Saved entries
------------------------------------------------------------

(* Let $\mathcal{X}$ be an instance space, $C\ge2$, $\mathcal{Y}=\{e_1,\dots,e_C\}\subset\mathbb{R}^C$, $\mathcal{H}$ a hypothesis space of functions $\mathcal{X}\to\mathcal{Y}$, $\mathcal{D}_{\mathcal{X}}$ a distribution on $\mathcal{X}$, $\rho(h_1,h_2)=\mathbb{P}_{X\sim\mathcal{D}_{\mathcal{X}}}[h_1(X)\neq h_2(X)]$, and fix $g\in\mathcal{H}$. For $x\in\mathcal{X}$ put $\mathcal{H}^{g,x}=\{h\in\mathcal{H}:h(x)\neq g(x)\}$ and $L(g,x)=\inf_{h\in\mathcal{H}^{g,x}}\rho(h,g)$. Assume $\mathcal{H}$ is Polish with metric $d_{\mathcal{H}}$, that $\rho(h,h')\le B\,d_{\mathcal{H}}(h,h')$ for all $h,h'\in\mathcal{H}$ and some $B>0$, and that a randomized procedure outputs finite sets $\mathcal{H}_1\subseteq\mathcal{H}_2\subseteq\cdots\subset\mathcal{H}$, $|\mathcal{H}_N|=N$, satisfying the following coverage condition for each $x_0\in\{x_i,x_j\}$: there exist deterministic $\alpha:\mathbb{N}\times\mathbb{R}_{\ge0}\to\mathbb{R}_{\ge0}$, $\beta:\mathbb{N}\to\mathbb{R}_{>0}$ with $\alpha(N,\varepsilon)\to0$, $\beta(N)\to0$ as $N\to\infty$ for every $\varepsilon\in(0,1)$, and $$\mathbb{P}\Big[\inf_{\substack{h^*\in\mathcal{H}^{g,x_0}\\ \rho(h^*,g)-L(g,x_0)\le\varepsilon}}\ \min_{h\in\mathcal{H}_N^{g,x_0}} d_{\mathcal{H}}(h^*,h)\le\tfrac1B\alpha(N,\varepsilon)\Big]\ge1-\beta(N)\quad\forall\varepsilon\in(0,1),$$ with $\mathcal{H}_N^{g,x_0}=\mathcal{H}_N\cap\mathcal{H}^{g,x_0}$. With $X_1,\dots,X_M$ i.i.d. from $\mathcal{D}_{\mathcal{X}}$ (independent of $\mathcal{H}_N$), let $L_{N,M}(g,x)=\inf_{h\in\mathcal{H}_N^{g,x}}\frac1M\sum_{k=1}^M\mathbb{I}[h(X_k)\neq g(X_k)]$. If $L(g,x_i)<L(g,x_j)$, then for any $\varepsilon>0$, $$\lim_{\min(M,N)\to\infty}\mathbb{P}\big[L_{N,M}(g,x_i)>L_{N,M}(g,x_j)+\varepsilon\big]=0,$$ where the limit is taken with $M=\omega(\log(CN))$.
   Context: $M=\omega(\log(CN))$ means $M/\log(CN)\to\infty$. $\mathbb{I}$ is the indicator function. *)

theory Defs
  imports "HOL-Analysis.Analysis" "HOL-Probability.Probability"
begin

text \<open>Label space: the one-hot vectors e_1, ..., e_C in R^C, where C = CARD('c).\<close>
definition onehots :: "(real^'c) set" where
  "onehots = {axis i 1 | i. True}"

definition rho :: "'x measure \<Rightarrow> ('x \<Rightarrow> 'y) \<Rightarrow> ('x \<Rightarrow> 'y) \<Rightarrow> real" where
  "rho D h1 h2 = measure D {x \<in> space D. h1 x \<noteq> h2 x}"

definition disagree_set :: "('x \<Rightarrow> 'y) set \<Rightarrow> ('x \<Rightarrow> 'y) \<Rightarrow> 'x \<Rightarrow> ('x \<Rightarrow> 'y) set" where
  "disagree_set H g x = {h \<in> H. h x \<noteq> g x}"

text \<open>L(g,x) = inf_{h \<in> H^{g,x}} rho(h,g)  (extended reals; inf of the empty set is +\<infinity>).\<close>
definition Lopt :: "'x measure \<Rightarrow> ('x \<Rightarrow> 'y) set \<Rightarrow> ('x \<Rightarrow> 'y) \<Rightarrow> 'x \<Rightarrow> ereal" where
  "Lopt D H g x = (INF h\<in>disagree_set H g x. ereal (rho D h g))"

text \<open>Empirical disagreement (1/M) sum_{k=1}^M I[h(X_k) \<noteq> g(X_k)], samples X_1..X_M = xs 0..xs (M-1).\<close>
definition emp_dis :: "nat \<Rightarrow> ('x \<Rightarrow> 'y) \<Rightarrow> ('x \<Rightarrow> 'y) \<Rightarrow> (nat \<Rightarrow> 'x) \<Rightarrow> real" where
  "emp_dis M h g xs = (1 / real M) * (\<Sum>k<M. if h (xs k) \<noteq> g (xs k) then 1 else 0)"

definition LNM :: "('x \<Rightarrow> 'y) set \<Rightarrow> nat \<Rightarrow> ('x \<Rightarrow> 'y) \<Rightarrow> 'x \<Rightarrow> (nat \<Rightarrow> 'x) \<Rightarrow> ereal" where
  "LNM HN M g x xs = (INF h\<in>disagree_set HN g x. ereal (emp_dis M h g xs))"

end

(* Fix t > 0 and a small e. By Hoeffding's inequality and a union bound over the N sampled
   hypotheses, outside an event of probability at most 2 N exp(-2 M t^2), which vanishes when
   M = omega(log(CN)), every h in H_N has empirical disagreement within t of rho(h, g). On the
   coverage event, of probability at least 1 - beta(N), some h in H_N^{g,x_i} is d_H-close to an
   e-optimal element of H^{g,x_i}; by the Lipschitz bound and the triangle inequality for rho,
   rho(h, g) < L(g,x_i) + eps - 2t. Outside both events therefore
   L_{N,M}(g,x_i) < L(g,x_i) + eps - t <= L(g,x_j) + eps - t <= L_{N,M}(g,x_j) + eps.
   Only L(g,x_i) <= L(g,x_j) and coverage at x_i are used. *)

theory Submission
  imports Defs
begin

------------------------------------------------------------

List each line of the records that holds the string "definition".

Result of this exercise:
definition onehots :: "(real^'c) set" where
definition rho :: "'x measure \<Rightarrow> ('x \<Rightarrow> 'y) \<Rightarrow> ('x \<Rightarrow> 'y) \<Rightarrow> real" where
definition disagree_set :: "('x \<Rightarrow> 'y) set \<Rightarrow> ('x \<Rightarrow> 'y) \<Rightarrow> 'x \<Rightarrow> ('x \<Rightarrow> 'y) set" where
definition Lopt :: "'x measure \<Rightarrow> ('x \<Rightarrow> 'y) set \<Rightarrow> ('x \<Rightarrow> 'y) \<Rightarrow> 'x \<Rightarrow> ereal" where
definition emp_dis :: "nat \<Rightarrow> ('x \<Rightarrow> 'y) \<Rightarrow> ('x \<Rightarrow> 'y) \<Rightarrow> (nat \<Rightarrow> 'x) \<Rightarrow> real" where
definition LNM :: "('x \<Rightarrow> 'y) set \<Rightarrow> nat \<Rightarrow> ('x \<Rightarrow> 'y) \<Rightarrow> 'x \<Rightarrow> (nat \<Rightarrow> 'x) \<Rightarrow> ereal" where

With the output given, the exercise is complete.